The lines of the records that include "real" should all be copied.
MATERIAL FOR THIS EXERCISE Start Marker
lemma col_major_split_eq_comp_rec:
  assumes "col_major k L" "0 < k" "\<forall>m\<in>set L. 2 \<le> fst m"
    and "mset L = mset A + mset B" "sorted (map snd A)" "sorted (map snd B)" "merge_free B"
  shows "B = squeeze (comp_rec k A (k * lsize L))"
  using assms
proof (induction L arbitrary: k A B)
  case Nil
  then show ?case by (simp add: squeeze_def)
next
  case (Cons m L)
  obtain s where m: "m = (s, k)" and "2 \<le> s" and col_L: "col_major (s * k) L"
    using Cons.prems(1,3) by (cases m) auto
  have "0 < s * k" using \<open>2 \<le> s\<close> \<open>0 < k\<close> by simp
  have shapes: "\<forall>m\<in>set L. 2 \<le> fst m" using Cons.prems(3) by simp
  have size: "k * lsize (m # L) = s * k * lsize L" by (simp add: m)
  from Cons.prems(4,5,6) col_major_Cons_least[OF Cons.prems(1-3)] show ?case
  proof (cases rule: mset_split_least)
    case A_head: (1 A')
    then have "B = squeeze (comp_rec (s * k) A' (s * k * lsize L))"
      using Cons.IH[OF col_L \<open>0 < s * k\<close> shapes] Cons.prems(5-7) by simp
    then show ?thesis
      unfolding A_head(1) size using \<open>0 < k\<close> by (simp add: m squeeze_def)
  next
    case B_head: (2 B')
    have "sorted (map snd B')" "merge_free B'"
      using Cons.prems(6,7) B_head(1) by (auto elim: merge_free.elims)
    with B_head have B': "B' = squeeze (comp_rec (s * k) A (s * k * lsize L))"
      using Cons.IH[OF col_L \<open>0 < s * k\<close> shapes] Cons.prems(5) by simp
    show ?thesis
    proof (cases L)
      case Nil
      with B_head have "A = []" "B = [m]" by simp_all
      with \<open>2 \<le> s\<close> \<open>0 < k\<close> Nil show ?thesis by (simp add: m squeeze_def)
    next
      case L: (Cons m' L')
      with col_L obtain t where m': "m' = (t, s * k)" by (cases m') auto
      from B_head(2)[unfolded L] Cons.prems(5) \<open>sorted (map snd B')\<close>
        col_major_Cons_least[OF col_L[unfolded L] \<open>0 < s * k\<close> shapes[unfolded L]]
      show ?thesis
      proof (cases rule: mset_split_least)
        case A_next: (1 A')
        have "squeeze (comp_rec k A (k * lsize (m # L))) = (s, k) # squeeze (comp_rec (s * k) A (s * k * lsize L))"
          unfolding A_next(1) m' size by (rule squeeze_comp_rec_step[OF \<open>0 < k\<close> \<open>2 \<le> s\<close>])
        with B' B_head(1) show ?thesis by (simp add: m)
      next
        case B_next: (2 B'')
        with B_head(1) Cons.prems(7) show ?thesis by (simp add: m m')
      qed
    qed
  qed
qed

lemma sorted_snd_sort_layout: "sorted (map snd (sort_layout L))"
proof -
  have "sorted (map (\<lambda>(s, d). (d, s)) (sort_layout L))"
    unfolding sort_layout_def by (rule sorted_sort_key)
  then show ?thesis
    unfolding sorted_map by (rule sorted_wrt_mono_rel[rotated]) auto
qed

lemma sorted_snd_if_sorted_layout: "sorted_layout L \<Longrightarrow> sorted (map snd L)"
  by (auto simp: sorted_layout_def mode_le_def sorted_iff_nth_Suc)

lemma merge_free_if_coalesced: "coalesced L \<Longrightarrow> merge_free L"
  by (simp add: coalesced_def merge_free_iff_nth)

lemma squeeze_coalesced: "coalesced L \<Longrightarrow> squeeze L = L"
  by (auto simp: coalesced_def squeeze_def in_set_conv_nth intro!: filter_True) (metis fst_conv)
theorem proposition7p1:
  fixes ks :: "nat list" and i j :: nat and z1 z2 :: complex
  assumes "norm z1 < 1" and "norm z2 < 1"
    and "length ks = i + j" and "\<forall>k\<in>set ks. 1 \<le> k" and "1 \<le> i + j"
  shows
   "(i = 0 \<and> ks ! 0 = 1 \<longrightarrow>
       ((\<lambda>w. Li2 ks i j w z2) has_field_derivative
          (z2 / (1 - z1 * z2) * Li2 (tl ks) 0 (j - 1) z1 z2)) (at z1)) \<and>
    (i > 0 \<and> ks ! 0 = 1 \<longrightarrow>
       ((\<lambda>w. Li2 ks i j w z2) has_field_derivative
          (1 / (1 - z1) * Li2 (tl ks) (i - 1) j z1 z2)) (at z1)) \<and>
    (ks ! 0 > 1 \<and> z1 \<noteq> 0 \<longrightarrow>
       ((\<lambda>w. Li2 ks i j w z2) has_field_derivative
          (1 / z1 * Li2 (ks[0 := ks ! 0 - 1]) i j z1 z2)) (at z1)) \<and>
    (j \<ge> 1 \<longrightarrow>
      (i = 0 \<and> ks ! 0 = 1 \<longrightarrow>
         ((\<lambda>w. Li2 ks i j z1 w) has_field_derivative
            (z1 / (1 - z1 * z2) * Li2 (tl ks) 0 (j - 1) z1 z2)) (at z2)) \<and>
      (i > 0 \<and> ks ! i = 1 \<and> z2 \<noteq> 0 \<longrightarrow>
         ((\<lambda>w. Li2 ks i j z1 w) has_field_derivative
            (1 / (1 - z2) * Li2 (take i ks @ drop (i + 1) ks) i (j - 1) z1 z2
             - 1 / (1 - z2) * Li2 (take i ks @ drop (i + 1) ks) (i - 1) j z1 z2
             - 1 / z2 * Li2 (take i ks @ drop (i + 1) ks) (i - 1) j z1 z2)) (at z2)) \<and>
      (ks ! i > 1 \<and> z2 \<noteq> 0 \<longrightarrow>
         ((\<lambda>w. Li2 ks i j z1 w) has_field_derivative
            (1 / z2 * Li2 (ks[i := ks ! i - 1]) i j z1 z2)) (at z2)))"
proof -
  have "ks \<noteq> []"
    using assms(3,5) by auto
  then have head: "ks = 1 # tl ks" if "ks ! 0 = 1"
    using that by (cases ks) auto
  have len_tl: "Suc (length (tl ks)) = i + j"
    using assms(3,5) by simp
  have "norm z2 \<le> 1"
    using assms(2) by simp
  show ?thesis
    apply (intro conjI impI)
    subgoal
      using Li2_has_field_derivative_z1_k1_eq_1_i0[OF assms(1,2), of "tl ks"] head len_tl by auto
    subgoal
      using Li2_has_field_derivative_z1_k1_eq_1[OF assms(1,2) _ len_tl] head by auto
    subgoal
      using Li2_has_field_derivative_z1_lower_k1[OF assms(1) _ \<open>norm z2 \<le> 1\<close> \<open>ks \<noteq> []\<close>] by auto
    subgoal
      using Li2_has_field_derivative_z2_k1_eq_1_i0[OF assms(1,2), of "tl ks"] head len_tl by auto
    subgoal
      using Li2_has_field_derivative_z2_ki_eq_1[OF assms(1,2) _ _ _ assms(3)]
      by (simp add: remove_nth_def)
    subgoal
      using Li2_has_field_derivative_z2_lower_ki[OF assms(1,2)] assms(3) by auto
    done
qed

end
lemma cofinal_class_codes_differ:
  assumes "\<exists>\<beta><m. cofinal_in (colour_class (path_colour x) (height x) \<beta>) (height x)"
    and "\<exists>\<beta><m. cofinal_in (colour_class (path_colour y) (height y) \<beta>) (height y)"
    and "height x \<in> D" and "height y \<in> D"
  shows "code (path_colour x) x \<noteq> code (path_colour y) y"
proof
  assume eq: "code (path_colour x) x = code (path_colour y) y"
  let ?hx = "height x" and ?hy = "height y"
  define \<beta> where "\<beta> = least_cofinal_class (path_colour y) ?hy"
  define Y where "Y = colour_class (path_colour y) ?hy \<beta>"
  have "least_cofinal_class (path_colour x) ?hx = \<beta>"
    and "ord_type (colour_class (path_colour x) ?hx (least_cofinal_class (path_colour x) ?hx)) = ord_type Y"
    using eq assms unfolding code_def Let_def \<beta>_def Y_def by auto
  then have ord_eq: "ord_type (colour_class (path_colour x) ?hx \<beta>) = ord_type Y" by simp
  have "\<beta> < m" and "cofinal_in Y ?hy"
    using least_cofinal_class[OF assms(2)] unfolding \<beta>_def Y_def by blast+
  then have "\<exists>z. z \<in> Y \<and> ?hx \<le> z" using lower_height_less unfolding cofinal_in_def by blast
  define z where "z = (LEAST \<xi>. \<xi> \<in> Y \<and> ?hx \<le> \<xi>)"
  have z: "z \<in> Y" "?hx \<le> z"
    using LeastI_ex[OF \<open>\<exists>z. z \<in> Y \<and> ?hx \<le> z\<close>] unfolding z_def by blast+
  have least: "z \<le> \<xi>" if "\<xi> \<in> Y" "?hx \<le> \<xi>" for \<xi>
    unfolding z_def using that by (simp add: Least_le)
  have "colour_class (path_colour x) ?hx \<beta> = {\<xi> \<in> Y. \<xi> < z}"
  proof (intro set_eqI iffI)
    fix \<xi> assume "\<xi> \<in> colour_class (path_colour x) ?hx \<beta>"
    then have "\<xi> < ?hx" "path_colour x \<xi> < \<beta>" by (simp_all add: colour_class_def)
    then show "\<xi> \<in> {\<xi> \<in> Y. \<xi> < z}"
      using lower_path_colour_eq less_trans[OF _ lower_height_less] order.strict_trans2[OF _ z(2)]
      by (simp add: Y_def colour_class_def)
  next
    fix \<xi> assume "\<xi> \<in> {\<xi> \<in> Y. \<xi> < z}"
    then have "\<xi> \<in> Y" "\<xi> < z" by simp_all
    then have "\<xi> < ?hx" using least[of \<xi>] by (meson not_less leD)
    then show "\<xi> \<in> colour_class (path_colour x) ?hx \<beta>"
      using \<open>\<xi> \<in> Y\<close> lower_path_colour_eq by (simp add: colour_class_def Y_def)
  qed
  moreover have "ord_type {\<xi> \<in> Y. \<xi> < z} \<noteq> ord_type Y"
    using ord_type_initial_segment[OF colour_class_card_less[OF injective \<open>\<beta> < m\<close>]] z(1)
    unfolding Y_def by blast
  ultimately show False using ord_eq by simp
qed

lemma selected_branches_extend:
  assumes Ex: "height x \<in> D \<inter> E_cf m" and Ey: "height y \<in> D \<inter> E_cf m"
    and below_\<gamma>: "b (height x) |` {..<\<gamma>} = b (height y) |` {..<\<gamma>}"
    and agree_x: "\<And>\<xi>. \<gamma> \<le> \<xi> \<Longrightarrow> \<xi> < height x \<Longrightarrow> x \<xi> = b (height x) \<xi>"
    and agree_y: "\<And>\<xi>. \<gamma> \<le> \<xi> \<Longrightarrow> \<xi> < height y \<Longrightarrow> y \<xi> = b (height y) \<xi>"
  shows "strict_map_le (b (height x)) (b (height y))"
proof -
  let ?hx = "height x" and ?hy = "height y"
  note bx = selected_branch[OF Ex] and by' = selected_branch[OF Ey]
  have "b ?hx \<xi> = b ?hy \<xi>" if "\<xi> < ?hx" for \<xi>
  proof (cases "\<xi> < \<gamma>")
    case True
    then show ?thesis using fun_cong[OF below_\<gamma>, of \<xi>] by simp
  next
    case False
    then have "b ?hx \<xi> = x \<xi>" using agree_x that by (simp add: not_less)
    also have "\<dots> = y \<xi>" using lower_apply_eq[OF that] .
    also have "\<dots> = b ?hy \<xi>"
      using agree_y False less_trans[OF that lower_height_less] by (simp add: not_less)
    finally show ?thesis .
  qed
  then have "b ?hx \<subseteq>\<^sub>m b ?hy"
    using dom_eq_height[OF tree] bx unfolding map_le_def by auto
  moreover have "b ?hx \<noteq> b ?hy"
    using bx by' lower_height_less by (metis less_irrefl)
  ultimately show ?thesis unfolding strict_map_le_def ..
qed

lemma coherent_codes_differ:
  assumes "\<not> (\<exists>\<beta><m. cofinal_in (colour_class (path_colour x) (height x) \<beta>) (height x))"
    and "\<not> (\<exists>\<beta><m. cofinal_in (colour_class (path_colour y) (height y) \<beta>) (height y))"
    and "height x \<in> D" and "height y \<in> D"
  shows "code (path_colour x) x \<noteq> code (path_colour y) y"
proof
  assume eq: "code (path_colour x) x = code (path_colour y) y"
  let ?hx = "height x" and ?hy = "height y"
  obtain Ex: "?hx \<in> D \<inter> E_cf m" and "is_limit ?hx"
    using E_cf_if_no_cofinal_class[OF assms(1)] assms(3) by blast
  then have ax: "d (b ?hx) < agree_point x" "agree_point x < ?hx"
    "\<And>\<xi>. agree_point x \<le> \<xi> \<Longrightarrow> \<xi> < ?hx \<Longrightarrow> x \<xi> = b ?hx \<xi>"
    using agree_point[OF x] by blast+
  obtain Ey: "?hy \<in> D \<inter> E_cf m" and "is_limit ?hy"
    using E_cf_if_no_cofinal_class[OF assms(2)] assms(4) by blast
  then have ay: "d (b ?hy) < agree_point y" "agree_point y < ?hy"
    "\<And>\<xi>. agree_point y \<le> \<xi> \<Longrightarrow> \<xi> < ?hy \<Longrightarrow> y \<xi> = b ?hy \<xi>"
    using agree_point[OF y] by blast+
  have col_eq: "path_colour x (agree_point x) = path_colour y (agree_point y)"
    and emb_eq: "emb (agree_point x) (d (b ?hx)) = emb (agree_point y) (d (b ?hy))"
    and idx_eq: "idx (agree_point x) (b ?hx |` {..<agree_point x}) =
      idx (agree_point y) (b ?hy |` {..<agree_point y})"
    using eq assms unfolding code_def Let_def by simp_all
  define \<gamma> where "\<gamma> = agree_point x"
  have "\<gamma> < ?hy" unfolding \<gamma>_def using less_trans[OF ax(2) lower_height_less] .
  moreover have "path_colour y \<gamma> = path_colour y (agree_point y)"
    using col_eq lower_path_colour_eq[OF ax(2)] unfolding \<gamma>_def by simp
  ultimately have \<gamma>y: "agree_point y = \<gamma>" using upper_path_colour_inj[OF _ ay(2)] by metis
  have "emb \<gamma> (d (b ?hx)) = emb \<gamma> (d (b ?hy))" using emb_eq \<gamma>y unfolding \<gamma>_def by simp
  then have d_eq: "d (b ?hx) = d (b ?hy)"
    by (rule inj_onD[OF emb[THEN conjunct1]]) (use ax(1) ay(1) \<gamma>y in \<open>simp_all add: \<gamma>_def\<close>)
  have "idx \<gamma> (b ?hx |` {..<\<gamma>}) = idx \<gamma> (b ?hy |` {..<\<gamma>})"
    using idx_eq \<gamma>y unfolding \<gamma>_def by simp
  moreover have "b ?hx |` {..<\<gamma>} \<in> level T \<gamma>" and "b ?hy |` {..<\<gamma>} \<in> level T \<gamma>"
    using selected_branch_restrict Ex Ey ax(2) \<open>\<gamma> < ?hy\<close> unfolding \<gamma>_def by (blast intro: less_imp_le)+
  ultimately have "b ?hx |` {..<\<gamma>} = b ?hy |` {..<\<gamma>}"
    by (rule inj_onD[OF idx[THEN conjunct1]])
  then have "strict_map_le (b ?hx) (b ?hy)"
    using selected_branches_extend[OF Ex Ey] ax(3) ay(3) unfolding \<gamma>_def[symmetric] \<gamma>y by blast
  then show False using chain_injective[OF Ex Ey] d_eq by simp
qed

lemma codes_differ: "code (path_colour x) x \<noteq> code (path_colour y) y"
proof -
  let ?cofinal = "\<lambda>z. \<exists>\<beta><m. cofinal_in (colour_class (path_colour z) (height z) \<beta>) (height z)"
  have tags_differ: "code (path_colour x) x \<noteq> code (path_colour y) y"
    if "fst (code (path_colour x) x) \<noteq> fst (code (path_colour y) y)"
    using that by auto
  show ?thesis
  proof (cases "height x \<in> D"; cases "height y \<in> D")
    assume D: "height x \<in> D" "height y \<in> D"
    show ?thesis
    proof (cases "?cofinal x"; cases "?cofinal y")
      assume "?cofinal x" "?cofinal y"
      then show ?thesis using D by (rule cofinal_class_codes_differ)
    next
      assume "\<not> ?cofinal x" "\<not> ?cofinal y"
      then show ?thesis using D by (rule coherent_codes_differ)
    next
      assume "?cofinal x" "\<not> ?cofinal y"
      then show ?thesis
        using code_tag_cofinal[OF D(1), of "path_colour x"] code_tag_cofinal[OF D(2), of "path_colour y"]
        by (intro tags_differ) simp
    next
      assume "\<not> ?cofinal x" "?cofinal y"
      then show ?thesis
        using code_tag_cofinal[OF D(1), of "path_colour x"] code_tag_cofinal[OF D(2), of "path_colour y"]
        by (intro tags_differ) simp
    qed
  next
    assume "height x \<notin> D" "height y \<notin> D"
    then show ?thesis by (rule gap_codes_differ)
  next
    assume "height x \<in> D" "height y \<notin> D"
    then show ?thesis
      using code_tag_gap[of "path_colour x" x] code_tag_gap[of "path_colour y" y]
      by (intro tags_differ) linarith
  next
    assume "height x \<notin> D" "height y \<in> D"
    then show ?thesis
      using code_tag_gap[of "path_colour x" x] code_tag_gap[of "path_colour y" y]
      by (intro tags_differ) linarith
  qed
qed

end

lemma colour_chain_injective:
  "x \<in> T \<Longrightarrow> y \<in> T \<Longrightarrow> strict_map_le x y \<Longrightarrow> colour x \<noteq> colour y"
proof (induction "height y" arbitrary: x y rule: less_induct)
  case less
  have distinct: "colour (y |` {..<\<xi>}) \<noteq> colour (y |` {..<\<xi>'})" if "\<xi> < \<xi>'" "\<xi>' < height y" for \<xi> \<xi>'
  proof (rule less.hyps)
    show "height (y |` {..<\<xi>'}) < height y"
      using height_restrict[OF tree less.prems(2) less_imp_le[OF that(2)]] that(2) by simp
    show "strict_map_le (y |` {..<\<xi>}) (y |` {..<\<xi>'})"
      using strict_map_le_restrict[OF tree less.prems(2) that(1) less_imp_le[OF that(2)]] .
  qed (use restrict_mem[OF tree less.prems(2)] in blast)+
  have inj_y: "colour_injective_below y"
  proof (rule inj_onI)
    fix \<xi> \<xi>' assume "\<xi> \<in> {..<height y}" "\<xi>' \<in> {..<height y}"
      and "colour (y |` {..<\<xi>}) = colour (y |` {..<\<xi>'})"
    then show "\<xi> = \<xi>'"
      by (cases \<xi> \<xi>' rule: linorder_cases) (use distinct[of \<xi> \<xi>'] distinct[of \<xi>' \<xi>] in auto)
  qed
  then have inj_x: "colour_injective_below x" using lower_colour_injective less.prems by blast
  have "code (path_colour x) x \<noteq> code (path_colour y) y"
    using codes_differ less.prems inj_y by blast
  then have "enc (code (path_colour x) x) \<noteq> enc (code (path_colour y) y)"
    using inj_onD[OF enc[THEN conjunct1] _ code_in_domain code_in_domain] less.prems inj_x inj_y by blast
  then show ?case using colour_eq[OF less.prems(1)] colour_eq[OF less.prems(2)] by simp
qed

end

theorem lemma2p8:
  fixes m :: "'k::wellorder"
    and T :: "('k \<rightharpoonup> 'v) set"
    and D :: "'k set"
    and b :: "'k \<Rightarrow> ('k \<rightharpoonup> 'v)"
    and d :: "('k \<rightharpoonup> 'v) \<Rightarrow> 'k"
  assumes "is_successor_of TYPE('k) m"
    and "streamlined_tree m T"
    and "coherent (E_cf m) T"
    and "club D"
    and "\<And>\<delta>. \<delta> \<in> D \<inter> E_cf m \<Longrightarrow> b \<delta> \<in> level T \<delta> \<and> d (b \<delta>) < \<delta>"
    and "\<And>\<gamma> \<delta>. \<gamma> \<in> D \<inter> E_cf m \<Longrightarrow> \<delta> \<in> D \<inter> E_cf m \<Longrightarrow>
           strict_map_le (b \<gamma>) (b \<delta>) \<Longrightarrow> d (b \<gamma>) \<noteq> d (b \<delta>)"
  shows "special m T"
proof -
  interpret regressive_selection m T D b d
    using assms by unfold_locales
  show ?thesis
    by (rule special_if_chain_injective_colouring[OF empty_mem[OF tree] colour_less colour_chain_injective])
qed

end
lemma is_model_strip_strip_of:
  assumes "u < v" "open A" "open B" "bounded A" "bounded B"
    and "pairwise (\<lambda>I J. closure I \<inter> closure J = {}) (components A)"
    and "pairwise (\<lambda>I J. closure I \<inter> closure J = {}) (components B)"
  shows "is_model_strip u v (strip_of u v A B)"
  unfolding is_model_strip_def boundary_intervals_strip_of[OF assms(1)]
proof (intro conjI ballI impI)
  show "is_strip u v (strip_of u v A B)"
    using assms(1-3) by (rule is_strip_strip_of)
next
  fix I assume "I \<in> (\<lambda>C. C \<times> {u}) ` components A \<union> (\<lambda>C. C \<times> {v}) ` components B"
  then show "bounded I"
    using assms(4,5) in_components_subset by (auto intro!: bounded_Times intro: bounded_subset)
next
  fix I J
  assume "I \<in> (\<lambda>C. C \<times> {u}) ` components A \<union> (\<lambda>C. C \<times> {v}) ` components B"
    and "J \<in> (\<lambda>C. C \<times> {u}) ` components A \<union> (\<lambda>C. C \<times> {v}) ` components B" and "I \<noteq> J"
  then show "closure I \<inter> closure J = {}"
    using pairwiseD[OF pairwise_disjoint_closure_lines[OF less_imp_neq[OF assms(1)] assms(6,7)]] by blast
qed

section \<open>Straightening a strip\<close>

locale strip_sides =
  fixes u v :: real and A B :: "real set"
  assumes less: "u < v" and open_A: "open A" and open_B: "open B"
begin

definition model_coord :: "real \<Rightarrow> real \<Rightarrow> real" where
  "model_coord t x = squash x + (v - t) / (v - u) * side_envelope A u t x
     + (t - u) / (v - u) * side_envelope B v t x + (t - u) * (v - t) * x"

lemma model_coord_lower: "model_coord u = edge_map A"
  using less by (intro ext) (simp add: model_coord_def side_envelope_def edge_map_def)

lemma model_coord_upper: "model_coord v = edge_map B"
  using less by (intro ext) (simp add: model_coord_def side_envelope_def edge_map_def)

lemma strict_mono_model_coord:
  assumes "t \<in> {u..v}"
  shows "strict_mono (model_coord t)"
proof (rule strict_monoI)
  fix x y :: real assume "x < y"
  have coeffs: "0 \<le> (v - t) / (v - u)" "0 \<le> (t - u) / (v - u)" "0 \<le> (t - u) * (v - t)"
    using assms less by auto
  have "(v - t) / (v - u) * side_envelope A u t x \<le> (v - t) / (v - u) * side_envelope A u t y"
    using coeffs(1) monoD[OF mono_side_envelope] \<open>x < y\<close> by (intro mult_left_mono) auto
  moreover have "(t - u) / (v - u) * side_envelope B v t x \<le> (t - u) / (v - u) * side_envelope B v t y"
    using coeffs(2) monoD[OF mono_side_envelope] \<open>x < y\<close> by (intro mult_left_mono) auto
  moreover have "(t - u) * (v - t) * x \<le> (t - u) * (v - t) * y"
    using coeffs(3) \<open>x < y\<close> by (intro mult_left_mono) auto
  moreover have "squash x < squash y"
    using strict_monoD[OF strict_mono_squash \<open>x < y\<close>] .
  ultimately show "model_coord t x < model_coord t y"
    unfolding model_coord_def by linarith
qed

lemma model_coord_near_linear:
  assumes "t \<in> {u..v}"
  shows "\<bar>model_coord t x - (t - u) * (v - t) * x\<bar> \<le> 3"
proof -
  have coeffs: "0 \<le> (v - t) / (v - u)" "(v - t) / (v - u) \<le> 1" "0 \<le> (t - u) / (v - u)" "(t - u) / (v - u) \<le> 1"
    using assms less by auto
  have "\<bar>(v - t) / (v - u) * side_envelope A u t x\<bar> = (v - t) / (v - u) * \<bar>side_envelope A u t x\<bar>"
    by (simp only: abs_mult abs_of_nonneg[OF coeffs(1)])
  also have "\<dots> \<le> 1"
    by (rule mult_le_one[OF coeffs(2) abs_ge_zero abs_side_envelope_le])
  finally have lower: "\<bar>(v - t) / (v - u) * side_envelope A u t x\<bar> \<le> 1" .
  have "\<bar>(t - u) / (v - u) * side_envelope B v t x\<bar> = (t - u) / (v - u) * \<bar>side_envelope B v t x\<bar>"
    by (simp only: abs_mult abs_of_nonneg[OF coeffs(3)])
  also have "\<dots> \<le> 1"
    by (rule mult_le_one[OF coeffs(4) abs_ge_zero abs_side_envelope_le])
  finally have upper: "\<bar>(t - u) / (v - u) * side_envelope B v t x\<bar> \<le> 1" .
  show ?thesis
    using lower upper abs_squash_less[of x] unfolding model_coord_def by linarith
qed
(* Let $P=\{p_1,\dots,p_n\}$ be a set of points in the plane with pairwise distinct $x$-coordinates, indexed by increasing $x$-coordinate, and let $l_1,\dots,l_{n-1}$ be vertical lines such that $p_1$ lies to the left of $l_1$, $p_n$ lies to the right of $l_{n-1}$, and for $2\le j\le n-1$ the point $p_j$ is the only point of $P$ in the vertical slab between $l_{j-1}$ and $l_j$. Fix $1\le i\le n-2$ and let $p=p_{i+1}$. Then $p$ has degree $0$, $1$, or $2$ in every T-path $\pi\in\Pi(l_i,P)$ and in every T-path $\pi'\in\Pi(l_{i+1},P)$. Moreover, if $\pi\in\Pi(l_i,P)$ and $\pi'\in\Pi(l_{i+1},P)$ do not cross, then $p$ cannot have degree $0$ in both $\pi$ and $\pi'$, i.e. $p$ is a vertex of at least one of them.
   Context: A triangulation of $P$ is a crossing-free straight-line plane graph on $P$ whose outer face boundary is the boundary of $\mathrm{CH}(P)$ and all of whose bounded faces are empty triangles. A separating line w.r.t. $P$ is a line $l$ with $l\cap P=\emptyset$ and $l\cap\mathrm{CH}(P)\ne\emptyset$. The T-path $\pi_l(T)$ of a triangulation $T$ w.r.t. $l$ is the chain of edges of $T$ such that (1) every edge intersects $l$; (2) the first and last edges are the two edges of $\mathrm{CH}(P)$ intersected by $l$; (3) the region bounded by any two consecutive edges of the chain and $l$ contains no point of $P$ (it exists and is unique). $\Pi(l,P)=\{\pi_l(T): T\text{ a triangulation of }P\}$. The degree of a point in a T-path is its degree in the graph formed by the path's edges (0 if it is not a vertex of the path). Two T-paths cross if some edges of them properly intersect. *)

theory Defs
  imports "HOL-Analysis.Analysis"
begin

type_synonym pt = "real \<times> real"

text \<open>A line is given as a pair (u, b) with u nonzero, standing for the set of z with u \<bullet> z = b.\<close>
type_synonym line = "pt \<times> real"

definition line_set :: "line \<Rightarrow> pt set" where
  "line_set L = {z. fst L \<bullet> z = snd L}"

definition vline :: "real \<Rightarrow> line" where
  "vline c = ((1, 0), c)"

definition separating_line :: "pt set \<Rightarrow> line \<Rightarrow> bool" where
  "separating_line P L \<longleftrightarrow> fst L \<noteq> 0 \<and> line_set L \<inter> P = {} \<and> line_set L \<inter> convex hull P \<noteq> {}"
MATERIAL FOR THIS EXERCISE End Marker
[ANSWER TO THIS EXERCISE]
  fixes u v :: real and A B :: "real set"
definition model_coord :: "real \<Rightarrow> real \<Rightarrow> real" where
  fix x y :: real assume "x < y"
type_synonym pt = "real \<times> real"
type_synonym line = "pt \<times> real"
definition vline :: "real \<Rightarrow> line" where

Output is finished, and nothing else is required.